Symphony No. 3 in D minor
In this live concert recording from the Concertgebouw, Amsterdam, Haitink conducts the NOS Women’s Choir, the North Holland Boys’ Choir and the Concertgebouw Orchestra in a performance of Mahler’s Symphony No. 3 in D minor, with soloist Carolyn Watkinson (contralto).
Franz Liszt
The Hungarian piano virtuoso Liszt (1811-86) led an illustrious life between Paris, his base as a performer, Weimar, where he was court musical director, composer and champion of new music, and Rome, where he took minor holy orders, entitling him to be called Abbé. Focusing on the end of his life and his last compositions, in particular La Lugubre Gondola, this film shows that he was not just one of the last great Romantics, but that his final compositions range harmonically far into the future.
Piano Variations
Three ballets by Hans van Manen reflect his choreographic preoccupation with relationships between the sexes.
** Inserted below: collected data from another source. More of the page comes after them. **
(* Give the basis vector e_i1 (x) ... (x) e_ir (0-indexed) the weight i1 + ... + ir.  E, F and
   R^(1/2,1/2) only connect basis vectors of equal weight, as do identities and the flip of two
   tensor factors, and this selection rule survives Kronecker and matrix products; so by the
   recursion R^(j1,j2)(t) is weight preserving.  The (i,k) entry of its (a,b) block connects
   weights (a-1)+i and (b-1)+k, hence vanishes unless k - i = a - b.  Nothing about q, t or the
   square roots is used. *)

definition weight_preserving :: "(nat \<Rightarrow> nat) \<Rightarrow> (nat \<Rightarrow> nat) \<Rightarrow> 'a::zero mat \<Rightarrow> bool" where
  "weight_preserving wr wc M \<longleftrightarrow>
     (\<forall>i < dim_row M. \<forall>j < dim_col M. wr i \<noteq> wc j \<longrightarrow> M $$ (i,j) = 0)"

text \<open>The sum of the tensor coordinates of an index into \<open>F\<^sup>m \<otimes> F\<^sup>p\<close>, resp.
  \<open>F\<^sup>m \<otimes> F\<^sup>p \<otimes> F\<^sup>q\<close>, in the index convention of \<^const>\<open>kron\<close>.\<close>

definition weight2 :: "nat \<Rightarrow> nat \<Rightarrow> nat" where
  "weight2 p i = i div p + i mod p"
lemma sum_exp_neg_mul_le_round_factor:
  fixes c :: "'b \<Rightarrow> real"
  assumes I: "finite I" "card I = k" "k \<ge> 1" and l: "l > 0"
    and c: "\<And>i. i \<in> I \<Longrightarrow> c i \<ge> 0" "(\<Sum>i\<in>I. c i) = \<phi>"
  shows "(\<Sum>i\<in>I. exp (- (l * c i / \<phi>)) * c i) \<le> round_factor l k * \<phi>"
proof (cases "\<phi> = 0")
  case True
  then have "\<forall>i\<in>I. c i = 0" using I c by (simp add: sum_nonneg_eq_0_iff)
  then show ?thesis using True by simp
next
  case False
  then have "\<phi> > 0" using c sum_nonneg[of I c] by fastforce
  define y where "y i = l * c i / \<phi>" for i
  have y: "y i \<ge> 0" if "i \<in> I" for i using c that l \<open>\<phi> > 0\<close> by (simp add: y_def)
  have "(\<Sum>i\<in>I. y i) = l" using \<open>\<phi> > 0\<close> c by (simp add: y_def flip: sum_distrib_left sum_divide_distrib)
  have "(\<Sum>i\<in>I. exp (- (l * c i / \<phi>)) * c i) = \<phi> / l * (\<Sum>i\<in>I. y i * exp (- y i))"
    using \<open>\<phi> > 0\<close> l by (simp add: y_def sum_distrib_left mult.commute)
  also have "\<dots> \<le> round_factor l k * \<phi>"
  proof (cases "l < real k")
    case True
    have "(\<Sum>i\<in>I. y i * exp (- y i)) \<le> l * exp (- l / real k)"
      using sum_mul_exp_neg_le_tangent[OF I(1) _ y \<open>(\<Sum>i\<in>I. y i) = l\<close>] I True
      by (metis card.empty not_one_le_zero)
    then have "\<phi> / l * (\<Sum>i\<in>I. y i * exp (- y i)) \<le> \<phi> / l * (l * exp (- l / real k))"
      using l \<open>\<phi> > 0\<close> by (intro mult_left_mono) auto
    then show ?thesis using True l by (simp add: round_factor_def mult.commute)
  next
    case False
    have "\<phi> / l * (\<Sum>i\<in>I. y i * exp (- y i)) \<le> \<phi> / l * (real k * exp (- 1))"
      using sum_mul_exp_neg_le_card[of y I] I l \<open>\<phi> > 0\<close> by (intro mult_left_mono) auto
    then show ?thesis using False by (simp add: round_factor_def exp_minus field_simps)
  qed
  finally show ?thesis .
qed

section \<open>One round of k-means||\<close>

lemma samp_rate_nonneg:
  assumes "finite C" "C \<noteq> {}" "l \<ge> 0"
  shows "samp_rate X l C x \<ge> 0"
  using assms pcost_nonneg[OF assms(1,2)] setcost_nonneg[OF assms(1,2)]
  by (auto simp: samp_rate_def intro!: divide_nonneg_nonneg)
(* As formal power series in $z,q$, $$\sum_{n\geq 1}\sum_{j\geq 0}FD_{j,2}(n)z^jq^n=\frac{q(1-(1-z)q)}{1-2q+(1-z)q^3}=\sum_{n\geq 1}\sum_{j\geq 0}FO_{j,2}(n)z^jq^n .$$
   Context: A partition is a finite nonincreasing sequence of positive integers (its parts); its size is not fixed. The perimeter of a partition with largest part $\alpha$ and $\lambda$ parts is $\alpha+\lambda-1$. $FO_{j,2}(n)$ is the number of partitions of perimeter $n$ having exactly $j$ distinct even part sizes; $FD_{j,2}(n)$ is the number of partitions of perimeter $n$ having exactly $j$ distinct part sizes that each appear at least $2$ times. *)

theory Defs
  imports "HOL-Computational_Algebra.Computational_Algebra"
begin

definition is_partition :: "nat list \<Rightarrow> bool" where
  "is_partition p \<longleftrightarrow> sorted (rev p) \<and> (\<forall>x\<in>set p. 0 < x)"

(* perimeter = largest part + number of parts - 1; only defined for nonempty partitions *)
definition perim_partitions :: "nat \<Rightarrow> nat list set" where
  "perim_partitions n = {p. is_partition p \<and> p \<noteq> [] \<and> hd p + length p - 1 = n}"

definition FO2 :: "nat \<Rightarrow> nat \<Rightarrow> nat" where
  "FO2 j n = card {p \<in> perim_partitions n. card {x \<in> set p. even x} = j}"

definition FD2 :: "nat \<Rightarrow> nat \<Rightarrow> nat" where
  "FD2 j n = card {p \<in> perim_partitions n. card {x \<in> set p. 2 \<le> count_list p x} = j}"

(* bivariate generating series: fps in q with polynomial coefficients in z *)
definition bigf :: "(nat \<Rightarrow> nat \<Rightarrow> nat) \<Rightarrow> int poly fps" where
  "bigf F = Abs_fps (\<lambda>n. if 1 \<le> n then (\<Sum>j\<in>{j. F j n \<noteq> 0}. of_nat (F j n) * [:0, 1:] ^ j) else 0)"

definition zpoly :: "int poly fps" where
  "zpoly = fps_const [:0, 1:]"

end

theory Submission
  imports Defs
begin

text \<open>Every partition of perimeter n + 1 \<ge> 2 arises in exactly one way from a partition of
  perimeter n, either by repeating its largest part or by increasing its largest part by one.
  How the two statistics change under these moves depends only on the largest part and its
  multiplicity. Refining the generating series W by two auxiliary series S and T that record
  this information, the moves give X-linear relations W = X(1 + 2W - cS + cT),
  S = X(1 + W + cT), T = XS with c = 1 - z, and eliminating S and T yields the rational
  function. Both statistics lead to the same system.\<close>

lemma is_partition_Cons:
  "is_partition (x # r) \<longleftrightarrow> (\<forall>y\<in>set r. y \<le> x) \<and> 0 < x \<and> is_partition r"
  unfolding is_partition_def sorted_wrt_rev by auto

lemma is_partition_Nil [simp]: "is_partition []"
  by (simp add: is_partition_def)

lemma perim_partitions_0: "perim_partitions 0 = {}"
  unfolding perim_partitions_def by (auto simp: neq_Nil_conv is_partition_Cons)

lemma perim_partitions_1: "perim_partitions (Suc 0) = {[Suc 0]}"
  unfolding perim_partitions_def by (auto simp: neq_Nil_conv is_partition_Cons add_is_1)

lemma perim_partitions_finite: "finite (perim_partitions n)"
proof (rule finite_subset)
  show "perim_partitions n \<subseteq> {xs. set xs \<subseteq> {0..n} \<and> length xs \<le> n}"
    unfolding perim_partitions_def by (force simp: neq_Nil_conv is_partition_Cons)
qed (rule finite_lists_length_le, simp)

lemma perim_partitions_Cons:
  assumes "p \<in> perim_partitions n"
  obtains x r where "p = x # r" "\<forall>y\<in>set r. y \<le> x"
  using assms unfolding perim_partitions_def by (cases p) (auto simp: is_partition_Cons)

definition repeat_largest :: "nat list \<Rightarrow> nat list" where
  "repeat_largest p = hd p # p"

definition grow_largest :: "nat list \<Rightarrow> nat list" where
  "grow_largest p = Suc (hd p) # tl p"

lemma is_partition_Cons_less:
  assumes "is_partition (x # r)" "\<not> (r \<noteq> [] \<and> hd r = x)"
  shows "\<forall>y\<in>set r. y < x"
proof (cases r)
  case (Cons u s)
  with assms have "u < x" "\<forall>y\<in>set s. y \<le> u"
    by (auto simp: is_partition_Cons)
  with Cons show ?thesis by auto
qed simp
theorem additive_range_compatible_family_map_local:
  fixes S :: "('n::finite \<Rightarrow> 'k::field^'m) set"
  assumes "funvs.subspace S" "S \<subseteq> families UNIV J"
    and "funvs.dim (families UNIV J :: ('n \<Rightarrow> 'k^'m) set) + 2 \<le> funvs.dim S + CARD('m)"
    and "\<forall>s\<in>S. \<forall>t\<in>S. F (s + t) = F s + F t" and "\<forall>s\<in>S. F s \<in> vec.span (s ` J)"
  shows "\<exists>c. \<forall>s\<in>S. F s = (\<Sum>j\<in>J. c j *s s j)"
  using assms
proof (induction "card J" arbitrary: J S F rule: less_induct)
  case less
  note S = less.prems(1,2) and codim = less.prems(3) and add = less.prems(4) and rc = less.prems(5)
  consider "J = {}" | i where "J = {i}" | "2 \<le> card J"
    by (metis One_nat_def card_1_singleton_iff card_eq_0_iff finite less_2_cases not_le)
  then show ?case
  proof cases
    case 1
    then show ?thesis using rc by simp
  next
    case (2 i)
    have "2 \<le> vec.dim ((\<lambda>s. s i) ` S)" using dim_eval_image_ge_2[OF S _ codim] 2 by simp
    moreover have "\<forall>s\<in>S. F s \<in> vec.span {s i}" using rc 2 by simp
    ultimately obtain c where "\<forall>s\<in>S. F s = c *s s i"
      using additive_in_span_eval_imp_scalar[OF S(1) _ add] by blast
    then show ?thesis using 2 by (intro exI[of _ "\<lambda>_. c"]) simp
  next
    case 3
    have "\<exists>c. \<forall>s\<in>{s\<in>S. s i = 0}. F s = (\<Sum>j\<in>J - {i}. c j *s s j)" if i: "i \<in> J" for i
    proof -
      have "\<forall>s\<in>{s\<in>S. s i = 0}. \<forall>t\<in>{s\<in>S. s i = 0}. F (s + t) = F s + F t"
        using add by simp
      moreover have "\<forall>s\<in>{s\<in>S. s i = 0}. F s \<in> vec.span (s ` (J - {i}))"
      proof
        fix s assume "s \<in> {s\<in>S. s i = 0}"
        then show "F s \<in> vec.span (s ` (J - {i}))" using rc span_image_remove_zero[of s i J] by auto
      qed
      ultimately show ?thesis
        using less.hyps[OF card_Diff1_less[OF finite i] subspace_eval_kernel[OF S(1)]
            kernel_eval_in_families[OF S(2)] codim_kernel_eval_le[OF S(1) i codim]] by blast
    qed
    then show ?thesis using local_if_local_on_eval_kernels[OF S 3 codim add rc] by blast
  qed
qed

lemma exists_coefficients_local_on_eval_kernel:
  fixes S :: "('n::finite \<Rightarrow> 'k::field^'m) set"
  assumes S: "funvs.subspace S"
    and codim: "funvs.dim (UNIV :: ('n \<Rightarrow> 'k^'m) set) + 3 \<le> funvs.dim S + 2 * CARD('m)"
    and dim: "vec.dim ((\<lambda>s. s i) ` S) \<le> 1"
    and add: "\<forall>s\<in>S. \<forall>t\<in>S. F (s + t) = F s + F t"
    and rc: "\<forall>s\<in>S. F s \<in> vec.span (range s)"
  shows "\<exists>c. \<forall>s\<in>S. (s i = 0 \<longrightarrow> F s = (\<Sum>j\<in>UNIV - {i}. c j *s s j))
    \<and> F s - (\<Sum>j\<in>UNIV - {i}. c j *s s j) \<in> vec.span {s i}"
proof -
  define K where "K = {s\<in>S. s i = 0}"
  have K: "funvs.subspace K" "K \<subseteq> families UNIV (UNIV - {i})"
    using subspace_eval_kernel[OF S] kernel_eval_in_families[of S UNIV UNIV i]
    by (simp_all add: K_def)
  txt \<open>Column \<open>i\<close> of \<open>S\<close> spans at most a line, so \<open>K\<close> has codimension at most \<open>dim V - 2\<close>.\<close>
  have codim_K: "funvs.dim (families UNIV (UNIV - {i}) :: ('n \<Rightarrow> 'k^'m) set) + 2
      \<le> funvs.dim K + CARD('m)"
    using dim_eval_kernel[OF S, of i] dim codim
      dim_families_UNIV_remove[of i UNIV, where 'k='k and 'm='m]
    by (simp add: K_def)
  have "\<forall>s\<in>K. F s \<in> vec.span (s ` (UNIV - {i}))"
  proof
    fix s assume "s \<in> K"
    then show "F s \<in> vec.span (s ` (UNIV - {i}))"
      using rc span_image_remove_zero[of s i UNIV] by (auto simp: K_def)
  qed
  moreover have "\<forall>s\<in>K. \<forall>t\<in>K. F (s + t) = F s + F t" using add by (simp add: K_def)
  ultimately obtain c where c: "\<forall>s\<in>K. F s = (\<Sum>j\<in>UNIV - {i}. c j *s s j)"
    using additive_range_compatible_family_map_local[OF K codim_K] by blast
  define G where "G s = F s - (\<Sum>j\<in>UNIV - {i}. c j *s s j)" for s
  have G_add: "\<forall>s\<in>S. \<forall>t\<in>S. G (s + t) = G s + G t"
    using add by (simp add: G_def vec.scale_right_distrib sum.distrib algebra_simps)
  have G_vanish: "\<forall>s\<in>S. s i = 0 \<longrightarrow> G s = 0"
    using c by (simp add: G_def K_def)
  have G_rc: "\<forall>s\<in>S. G s \<in> vec.span (s ` UNIV)"
  proof
    fix s assume s: "s \<in> S"
    have "(\<Sum>j\<in>UNIV - {i}. c j *s s j) \<in> vec.span (range s)"
      by (intro vec.span_sum vec.span_scale vec.span_base) simp
    then show "G s \<in> vec.span (s ` UNIV)" using rc s by (simp add: G_def vec.span_diff)
  qed
  have "G s \<in> vec.span {s i}" if "s \<in> S" for s
    using additive_value_in_span_eval[of S UNIV i, OF S _ _ _ G_add G_vanish G_rc that] codim_K
    by (simp add: K_def)
  then show ?thesis using c by (auto simp: G_def K_def)
qed

locale enumerated_basis =
  fixes \<beta> :: "'n::finite \<Rightarrow> 'k::field^'d"
  assumes inj: "inj \<beta>" and independent: "vec.independent (range \<beta>)"
    and spanning: "vec.span (range \<beta>) = UNIV"
begin

definition coords :: "('k^'d \<Rightarrow> 'k^'m) \<Rightarrow> 'n \<Rightarrow> 'k^'m" where
  "coords s = (\<lambda>i. s (\<beta> i))"

definition of_coords :: "('n \<Rightarrow> 'k^'m) \<Rightarrow> 'k^'d \<Rightarrow> 'k^'m" where
  "of_coords g = vec.construct (range \<beta>) (\<lambda>b. g (inv \<beta> b))"

lemma of_coords_in_Lin: "of_coords g \<in> Lin"
  by (simp add: Lin_def of_coords_def vec.linear_construct[OF independent])

lemma coords_of_coords [simp]: "coords (of_coords g) = g"
  by (simp add: coords_def of_coords_def vec.construct_basis[OF independent] inv_f_f[OF inj])

lemma of_coords_coords:
  assumes "s \<in> Lin"
  shows "of_coords (coords s) = s"
proof
  fix v
  have "of_coords (coords s) b = s b" if "b \<in> range \<beta>" for b
    using that coords_of_coords[of "coords s"] by (auto simp: coords_def fun_eq_iff)
  moreover have "Vector_Spaces.linear (*s) (*s) (of_coords (coords s))" "Vector_Spaces.linear (*s) (*s) s"
    using of_coords_in_Lin assms by (simp_all add: Lin_def)
  ultimately show "of_coords (coords s) v = s v"
    using vec.linear_eq_on_span[of "of_coords (coords s)" s "range \<beta>" v] by (simp add: spanning)
qed

lemma of_coords_apply_basis: "of_coords g (\<beta> i) = g i"
  using coords_of_coords[of g] by (simp add: coords_def fun_eq_iff)

lemma Lin_eq_range_of_coords: "Lin = range of_coords"
proof (intro equalityI subsetI)
  fix s :: "'k^'d \<Rightarrow> 'k^'m" assume "s \<in> Lin"
  then show "s \<in> range of_coords" by (metis of_coords_coords rangeI)
qed (auto simp: of_coords_in_Lin)

lemma of_coords_image_vimage: "S \<subseteq> Lin \<Longrightarrow> of_coords ` (of_coords -` S) = S"
  by (simp add: image_vimage_eq Int_absorb2 flip: Lin_eq_range_of_coords)

lemma of_coords_add: "of_coords (g + h) = of_coords g + of_coords h"
  by (simp add: of_coords_def fun_eq_iff vec.construct_add[OF independent])

lemma linear_of_coords: "Vector_Spaces.linear fscale fscale of_coords"
  by (simp add: Vector_Spaces.linear_iff funvs.vector_space_axioms fun_eq_iff fscale_def
      of_coords_def vec.construct_add[OF independent] vec.construct_scale[OF independent])

lemma dim_of_coords_image: "funvs.dim (of_coords ` X) = funvs.dim X"
  by (rule family_fun.dim_image_eq[OF linear_of_coords]) (metis coords_of_coords inj_onI)

lemma range_eq_span_coords:
  assumes "s \<in> Lin"
  shows "range s = vec.span (range (coords s))"
proof -
  have "range s = s ` vec.span (range \<beta>)" by (simp add: spanning)
  also have "\<dots> = vec.span (range (coords s))"
    using vec.linear_span_image[of s "range \<beta>"] assms by (simp add: Lin_def coords_def image_image)
  finally show ?thesis .
qed

lemma apply_sum_basis:
  assumes "s \<in> Lin"
  shows "s (\<Sum>j\<in>J. c j *s \<beta> j) = (\<Sum>j\<in>J. c j *s coords s j)"
  using assms by (simp add: Lin_def coords_def vec.linear_sum vec.linear_scale)

end

lemma exists_enumerated_basis:
  fixes x :: "'k::field^'n"
  assumes "x \<noteq> 0"
  obtains \<beta> :: "'n \<Rightarrow> 'k^'n" and i where "enumerated_basis \<beta>" "\<beta> i = x"
proof -
  define B where "B = vec.extend_basis {x}"
  have B: "x \<in> B" "vec.independent B" "vec.span B = UNIV"
    using assms vec.extend_basis_superset[of "{x}"] vec.independent_extend_basis[of "{x}"]
    by (auto simp: B_def)
  then have "card B = CARD('n)"
    using vec.basis_card_eq_dim[of B UNIV] by (simp add: vec_dim_card card_cart_basis)
  then obtain \<beta> :: "'n \<Rightarrow> 'k^'n" where \<beta>: "bij_betw \<beta> UNIV B"
    using finite_same_card_bij[of "UNIV :: 'n set" B] vec.finiteI_independent[OF B(2)] by auto
  then have "enumerated_basis \<beta>"
    using B by unfold_locales (auto simp: bij_betw_def)
  moreover have "\<beta> (inv_into UNIV \<beta> x) = x"
    using \<beta> B(1) by (simp add: bij_betw_def f_inv_into_f)
  ultimately show ?thesis using that by blast
qed

section \<open>Maps that are local up to the evaluation at x\<close>

lemma exists_point_local_on_eval_kernel:
  fixes S :: "('k::field^'n \<Rightarrow> 'k^'m) set"
  assumes S: "S \<subseteq> Lin" "funvs.subspace S"
    and codim: "funvs.dim (Lin :: ('k^'n \<Rightarrow> 'k^'m) set) + 3 \<le> funvs.dim S + 2 * CARD('m)"
    and x: "x \<noteq> 0" and dim: "vec.dim (evalset S x) \<le> 1"
    and add: "\<forall>s\<in>S. \<forall>t\<in>S. F (s + t) = F s + F t" and rc: "range_compatible S F"
  shows "\<exists>y. \<forall>s\<in>S. (s x = 0 \<longrightarrow> F s = s y) \<and> F s - s y \<in> vec.span {s x}"
proof -
  obtain \<beta> :: "'n \<Rightarrow> 'k^'n" and i where \<beta>: "enumerated_basis \<beta>" and \<beta>i: "\<beta> i = x"
    using exists_enumerated_basis[OF x] by blast
  interpret enumerated_basis \<beta> by (fact \<beta>)
  define S' :: "('n \<Rightarrow> 'k^'m) set" where "S' = of_coords -` S"
  have S_eq: "of_coords ` S' = S" unfolding S'_def by (rule of_coords_image_vimage[OF S(1)])
  have "funvs.dim (Lin :: ('k^'n \<Rightarrow> 'k^'m) set) = funvs.dim (UNIV :: ('n \<Rightarrow> 'k^'m) set)"
    using dim_of_coords_image[of UNIV] by (simp flip: Lin_eq_range_of_coords)
  moreover have "funvs.dim S = funvs.dim S'" using dim_of_coords_image[of S'] by (simp add: S_eq)
  ultimately have "funvs.dim (UNIV :: ('n \<Rightarrow> 'k^'m) set) + 3 \<le> funvs.dim S' + 2 * CARD('m)"
    using codim by linarith
  moreover have "funvs.subspace S'"
    unfolding S'_def by (rule family_fun.linear_subspace_vimage[OF linear_of_coords S(2)])
  moreover have "(\<lambda>g. g i) ` S' = evalset S x"
    by (simp add: S_eq[symmetric] evalset_def image_image of_coords_apply_basis flip: \<beta>i)
  moreover have "\<forall>g\<in>S'. \<forall>h\<in>S'. F (of_coords (g + h)) = F (of_coords g) + F (of_coords h)"
    using add by (simp add: S'_def of_coords_add)
  moreover have "\<forall>g\<in>S'. F (of_coords g) \<in> vec.span (range g)"
  proof
    fix g assume "g \<in> S'"
    then have "F (of_coords g) \<in> range (of_coords g)"
      using rc by (simp add: S'_def range_compatible_def)
    then show "F (of_coords g) \<in> vec.span (range g)"
      using range_eq_span_coords[OF of_coords_in_Lin, of g] by simp
  qed
  ultimately obtain c where c: "\<forall>g\<in>S'. (g i = 0 \<longrightarrow> F (of_coords g) = (\<Sum>j\<in>UNIV - {i}. c j *s g j))
      \<and> F (of_coords g) - (\<Sum>j\<in>UNIV - {i}. c j *s g j) \<in> vec.span {g i}"
    using exists_coefficients_local_on_eval_kernel[of S' i "\<lambda>g. F (of_coords g)"] dim by auto
  have "(s x = 0 \<longrightarrow> F s = s y) \<and> F s - s y \<in> vec.span {s x}"
    if s: "s \<in> S" and y: "y = (\<Sum>j\<in>UNIV - {i}. c j *s \<beta> j)" for s y
  proof -
    have sc: "of_coords (coords s) = s" using s S(1) of_coords_coords by blast
    then have "coords s \<in> S'" using s by (simp add: S'_def)
    then have "(coords s i = 0 \<longrightarrow> F s = (\<Sum>j\<in>UNIV - {i}. c j *s coords s j))
        \<and> F s - (\<Sum>j\<in>UNIV - {i}. c j *s coords s j) \<in> vec.span {coords s i}"
      using c sc by metis
    moreover have "s y = (\<Sum>j\<in>UNIV - {i}. c j *s coords s j)"
      unfolding y using s S(1) by (intro apply_sum_basis) blast
    moreover have "coords s i = s x" by (simp add: coords_def \<beta>i)
    ultimately show ?thesis by simp
  qed
  then show ?thesis by blast
qed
Piano Variations II, to Prokofiev’s Sarcasms Op. 17, shows a couple locked in a cycle of acceptance and rejection. In Piano Variation III, to Satie’s Trois Gnossiennes, a man and a woman succumb to a growing attraction. Piano Variation IV, to Etudes by Debussy, shows a man resisting twelve women, before yielding. This studio recording includes an interview with van Manen.
The Hague School
The Dutch painters of The Hague School took the innovative step of leaving their Studios to paint nature in situ. The 1870s and ’80s saw the heyday of the movement, when artists, including Anton Mauve, Jacob Israels, Jacob Marais and Hendrik Mesdag, fled to The Hague to escape the increasing ugliness of urbanisation and to capture in their paintings the beauty of the countryside. This programme explores their work and shows the unique landscape which inspired them.
Symphony in D
In his ballet Symphony in D Jirí Kylián demonstrates a remarkable ability to create a highly inventive and graceful ballet, which is, at the same time, extremely funny. Set to Joseph Haydn’s Symphony No. 101 in D (Clock) and Symphony No. 73 (The Chase), it is an affectionate send-up of classical ballet poses, and is performed with great wit and style by the Nederlands Dans Theater in this live recording.